*WHAT IS NEEDED*.
In the data below, how many lines contain the string "that"? Give only the number.

[Collection entries]
------------------------------------------------------------------------
lemma solution_Cb2_flow:
  assumes sa: "standing_assms B CB" and sol: "is_solution B T a0 a"
    and t1: "t1 \<in> {0..T}" and R: "R \<ge> 0" and bound: "\<And>s. s \<in> {0..t1} \<Longrightarrow> wnorm (a s) \<le> R"
  obtains \<phi> where "Cb2_flow (\<lambda>s. B (a s)) \<phi> t1 T (CB * (R + 1))"
    and "\<And>t. t \<in> {0..T} \<Longrightarrow> a t = pf_meas (\<phi> t) a0"
proof -
  obtain \<phi> where flow: "is_flow B T a \<phi>" and pf: "\<And>t. t \<in> {0..T} \<Longrightarrow> a t = pf_meas (\<phi> t) a0"
    using sol unfolding is_solution_def by blast
  have sub: "{0..t1} \<subseteq> {0..T}" using t1 by auto
  have "Cb2_flow (\<lambda>s. B (a s)) \<phi> t1 T (CB * (R + 1))"
  proof
    show "\<phi> 0 x = x" for x using flow unfolding is_flow_def by auto
    show "((\<lambda>s. \<phi> s x) has_vector_derivative B (a s) (\<phi> s x)) (at s within {0..t1})"
      if "s \<in> {0..t1}" for x s
    proof (rule has_vector_derivative_within_subset[OF _ sub])
      show "((\<lambda>s. \<phi> s x) has_vector_derivative B (a s) (\<phi> s x)) (at s within {0..T})"
        using flow that sub unfolding is_flow_def by blast
    qed
    show "Cb2 (B (a s))" for s by (rule standing_assms_Cb2[OF sa])
    show "cb2norm (B (a s)) \<le> CB * (R + 1)" if "s \<in> {0..t1}" for s
      by (rule order_trans[OF standing_assms_cb2norm_le[OF sa] mult_left_mono])
         (use bound[OF that] standing_assms_pos[OF sa] in auto)
    show "0 \<le> t1" "t1 \<le> T" using t1 by auto
    show "0 \<le> CB * (R + 1)" using standing_assms_pos[OF sa] R by simp
  qed
  with pf that show ?thesis by blast
qed

text \<open>The constant \<open>pf_expansion * exp (pf_sensitivity b0 * T)\<close> of two flows of fields bounded
  by \<open>CB * (R + 1)\<close> in \<open>C\<^sub>b\<^sup>2\<close>, written out; \<open>d\<close> stands for the dimension.\<close>

definition stability_const :: "real \<Rightarrow> real \<Rightarrow> real \<Rightarrow> real \<Rightarrow> real \<Rightarrow> real" where
  "stability_const d CB T R nb = (let M = CB * (R + 1); E = exp (M * T) in
     d * (E + T * M * E ^ 3 + E ^ 2) * exp (nb * d * (CB * E ^ 2 * (1 + T * M * E) + CB * E ^ 2) * T))"

lemma stability_const_ge_1:
  assumes "d \<ge> 1" "CB \<ge> 0" "R \<ge> 0" "T \<ge> 0" "nb \<ge> 0"
  shows "1 \<le> stability_const d CB T R nb"
proof -
  define M where "M = CB * (R + 1)"
  define E where "E = exp (M * T)"
  have M: "M \<ge> 0" unfolding M_def using assms by simp
  have E: "E \<ge> 1" unfolding E_def using M assms by simp
  have "1 \<le> d * (E + T * M * E ^ 3 + E ^ 2)"
    using mult_mono[OF assms(1), of 1 "E + T * M * E ^ 3 + E ^ 2"] E M assms by (simp add: add_increasing2)
  moreover have "1 \<le> exp (nb * d * (CB * E ^ 2 * (1 + T * M * E) + CB * E ^ 2) * T)"
    using assms M E by simp
  ultimately show ?thesis
    unfolding stability_const_def Let_def M_def[symmetric] E_def[symmetric]
    using mult_mono by fastforce
qed

lemma solutions_dist_le:
  fixes B :: "'d::finite meas \<Rightarrow> ('d R \<Rightarrow> 'd R)"
  assumes sa: "standing_assms B CB"
    and sol_a: "is_solution B T a0 a" and sol_b: "is_solution B T b0 b"
    and t1: "t1 \<in> {0..T}" and R: "R \<ge> 0"
    and bound_a: "\<And>s. s \<in> {0..t1} \<Longrightarrow> wnorm (a s) \<le> R"
    and bound_b: "\<And>s. s \<in> {0..t1} \<Longrightarrow> wnorm (b s) \<le> R"
    and t: "t \<in> {0..t1}"
  shows "wnorm (a t - b t) \<le> stability_const (real CARD('d)) CB T R (norm b0) * wnorm (a0 - b0)"
proof -
  obtain \<phi>1 where flow_a: "Cb2_flow (\<lambda>s. B (a s)) \<phi>1 t1 T (CB * (R + 1))"
    and pf_a: "\<And>t. t \<in> {0..T} \<Longrightarrow> a t = pf_meas (\<phi>1 t) a0"
    using solution_Cb2_flow[OF sa sol_a t1 R bound_a] by blast
  obtain \<phi>2 where flow_b: "Cb2_flow (\<lambda>s. B (b s)) \<phi>2 t1 T (CB * (R + 1))"
    and pf_b: "\<And>t. t \<in> {0..T} \<Longrightarrow> b t = pf_meas (\<phi>2 t) b0"
    using solution_Cb2_flow[OF sa sol_b t1 R bound_b] by blast
  have sub: "{0..t1} \<subseteq> {0..T}" using t1 by auto
  have dist_cont: "continuous_on {0..t1} (\<lambda>s. wnorm (a s - b s))"
    using sol_a sol_b sub unfolding is_solution_def by (blast intro: continuous_on_wnorm_diff)
  interpret P: Cb2_flow_pair "\<lambda>s. B (a s)" \<phi>1 "\<lambda>s. B (b s)" \<phi>2 t1 T "CB * (R + 1)"
    "\<lambda>s. wnorm (a s - b s)" CB
    using flow_a flow_b dist_cont standing_assms_pos[OF sa] wnorm_nonneg
      standing_assms_norm_diff_le[OF sa] standing_assms_norm_Dsp_diff_le[OF sa]
    by (intro Cb2_flow_pair.intro Cb2_flow_pair_axioms.intro) auto
  have "wnorm (a s - b s) \<le> P.f1.pf_expansion * wnorm (a0 - b0)
      + P.pf_sensitivity b0 * integral {0..s} (\<lambda>s. wnorm (a s - b s))"
    if s: "s \<in> {0..t1}" for s
    using P.wnorm_pf_meas_diff_le[OF s, of a0 b0] pf_a pf_b s sub
    unfolding P.w_integral_def by auto
  from gronwall_integral[OF dist_cont P.pf_sensitivity_nonneg this t]
  have "wnorm (a t - b t) \<le> P.f1.pf_expansion * wnorm (a0 - b0) * exp (P.pf_sensitivity b0 * t)" .
  also have "\<dots> \<le> P.f1.pf_expansion * wnorm (a0 - b0) * exp (P.pf_sensitivity b0 * T)"
    using t t1 P.pf_sensitivity_nonneg[of b0] P.f1.pf_expansion_nonneg wnorm_nonneg[of "a0 - b0"]
    by (intro mult_left_mono) (auto intro: mult_left_mono)
  also have "\<dots> = stability_const (real CARD('d)) CB T R (norm b0) * wnorm (a0 - b0)"
    unfolding P.f1.pf_expansion_def P.pf_sensitivity_def P.pair_const_def P.f1.growth_def
      P.f1.curvature_def stability_const_def Let_def
    by (simp add: algebra_simps)
  finally show ?thesis .
qed

lemma continuous_on_stays_below:
  fixes w :: "real \<Rightarrow> real"
  assumes cont: "continuous_on {0..T} w" and start: "w 0 < c"
    and step: "\<And>t. t \<in> {0..T} \<Longrightarrow> (\<And>s. s \<in> {0..t} \<Longrightarrow> w s \<le> c) \<Longrightarrow> w t < c"
  shows "\<forall>t\<in>{0..T}. w t < c"
proof (rule ccontr)
  assume "\<not> (\<forall>t\<in>{0..T}. w t < c)"
  define S where "S = {0..T} \<inter> w -` {c..}"
  have "S \<noteq> {}" using \<open>\<not> _\<close> unfolding S_def by (auto simp: not_less)
  moreover have "bdd_below S" unfolding S_def by (rule bdd_belowI[of _ 0]) auto
  moreover have "closed S"
    unfolding S_def by (rule continuous_closed_preimage[OF cont]) auto
  ultimately have "Inf S \<in> S" by (rule closed_contains_Inf)
  \<comment> \<open>the first time \<open>ts\<close> at which \<open>w\<close> reaches \<open>c\<close>\<close>
  define ts where "ts = Inf S"
  have ts: "ts \<in> {0..T}" "c \<le> w ts" using \<open>Inf S \<in> S\<close> unfolding ts_def S_def by auto
  have below: "w s < c" if "s \<in> {0..<ts}" for s
  proof (rule ccontr)
    assume "\<not> w s < c"
    then have "s \<in> S" using that ts unfolding S_def by auto
    then have "ts \<le> s" unfolding ts_def by (rule cInf_lower[OF _ \<open>bdd_below S\<close>])
    then show False using that by simp
  qed
  have "0 < ts" using ts start by (cases "ts = 0") auto
  then have "w ts \<le> c"
    using continuous_le_on_closure[of "{0..<ts}" w ts c] below continuous_on_subset[OF cont] ts
    by (auto intro: less_imp_le)
  then have "w ts < c"
    using below by (intro step[OF ts(1)]) (metis atLeastAtMost_iff atLeastLessThan_iff order_le_less)
  with ts show False by simp
qed

text \<open>Once the distance of the initial data is small, the a priori bound \<open>R0 + 1\<close> holds for \<open>a\<close> as long
  as \<open>a\<close> stays within distance 1 of \<open>b\<close>, and the estimate then keeps it within distance \<open>< 1\<close>.\<close>

lemma solutions_dist_le_small:
  fixes B :: "'d::finite meas \<Rightarrow> ('d R \<Rightarrow> 'd R)"
  assumes sa: "standing_assms B CB" and T: "T \<ge> 0"
    and sol_a: "is_solution B T a0 a" and sol_b: "is_solution B T b0 b"
    and R0: "R0 \<ge> 0" and bound_b: "\<And>t. t \<in> {0..T} \<Longrightarrow> wnorm (b t) \<le> R0"
    and small: "stability_const (real CARD('d)) CB T (R0 + 1) (norm b0) * wnorm (a0 - b0) < 1"
    and t: "t \<in> {0..T}"
  shows "wnorm (a t - b t) \<le> stability_const (real CARD('d)) CB T (R0 + 1) (norm b0) * wnorm (a0 - b0)"
proof -
  let ?C = "stability_const (real CARD('d)) CB T (R0 + 1) (norm b0)"
  define w where "w t = wnorm (a t - b t)" for t
  have estimate: "w t \<le> ?C * wnorm (a0 - b0)"
    if t1: "t1 \<in> {0..T}" and close: "\<And>s. s \<in> {0..t1} \<Longrightarrow> w s \<le> 1" and t: "t \<in> {0..t1}" for t1 t
    unfolding w_def
  proof (rule solutions_dist_le[OF sa sol_a sol_b t1 _ _ _ t])
    fix s assume s: "s \<in> {0..t1}"
    show "wnorm (b s) \<le> R0 + 1" using bound_b[of s] s t1 by simp
    show "wnorm (a s) \<le> R0 + 1"
      using wnorm_triangle[of "a s - b s" "b s"] bound_b[of s] close[OF s] s t1 unfolding w_def by simp
  qed (use R0 in simp)
  have "1 \<le> ?C"
    using standing_assms_pos[OF sa] R0 T by (intro stability_const_ge_1) auto
  then have "w 0 \<le> ?C * wnorm (a0 - b0)"
    using sol_a sol_b wnorm_nonneg[of "a0 - b0"] unfolding w_def is_solution_def
    by (simp add: mult_le_cancel_right1)
  then have "\<forall>t\<in>{0..T}. w t < 1"
  proof (intro continuous_on_stays_below)
    show "continuous_on {0..T} w"
      using sol_a sol_b unfolding w_def is_solution_def by (blast intro: continuous_on_wnorm_diff)
    show "w t < 1" if "t \<in> {0..T}" "\<And>s. s \<in> {0..t} \<Longrightarrow> w s \<le> 1" for t
    proof -
      have "w t \<le> ?C * wnorm (a0 - b0)" by (rule estimate[of t]) (use that in auto)
      then show ?thesis using small by simp
    qed
  qed (use small in simp)
  then show ?thesis
    unfolding w_def by (intro estimate[of T, unfolded w_def]) (use t T in \<open>auto intro: less_imp_le\<close>)
qed

lemma uniform_constant_of_eventual_bound:
  fixes f :: "nat \<Rightarrow> 'a \<Rightarrow> real" and g :: "nat \<Rightarrow> real"
  assumes each: "\<And>n. \<exists>c. \<forall>x\<in>A. f n x \<le> c * g n"
    and eventual: "eventually (\<lambda>n. \<forall>x\<in>A. f n x \<le> c * g n) sequentially"
    and g: "\<And>n. 0 \<le> g n"
  shows "\<exists>C>0. \<forall>n. \<forall>x\<in>A. f n x \<le> C * g n"
proof -
  obtain N where N: "\<And>n. N \<le> n \<Longrightarrow> \<forall>x\<in>A. f n x \<le> c * g n"
    using eventual unfolding eventually_sequentially by blast
  obtain cn where cn: "\<And>n. \<forall>x\<in>A. f n x \<le> cn n * g n" using each by metis
  define C where "C = \<bar>c\<bar> + (\<Sum>m<N. \<bar>cn m\<bar>) + 1"
  have bound: "\<forall>x\<in>A. f n x \<le> C * g n" if "d \<le> C" "\<forall>x\<in>A. f n x \<le> d * g n" for n d
    using that g[of n] by (meson abs_ge_self mult_right_mono order_trans)
  have "\<forall>x\<in>A. f n x \<le> C * g n" for n
  proof (cases "N \<le> n")
    case True
    have "0 \<le> (\<Sum>m<N. \<bar>cn m\<bar>)" by (simp add: sum_nonneg)
    then have "c \<le> C" unfolding C_def by linarith
    then show ?thesis by (rule bound[OF _ N[OF True]])
  next
    case False
    then have "\<bar>cn n\<bar> \<le> (\<Sum>m<N. \<bar>cn m\<bar>)" by (intro member_le_sum) auto
    then show ?thesis by (intro bound[OF _ cn]) (auto simp: C_def)
  qed
  moreover have "C > 0" unfolding C_def by (simp add: sum_nonneg add_nonneg_pos)
  ultimately show ?thesis by blast
qed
------------------------------------------------------------------------
*ANSWER TO THE PROBLEM*.
7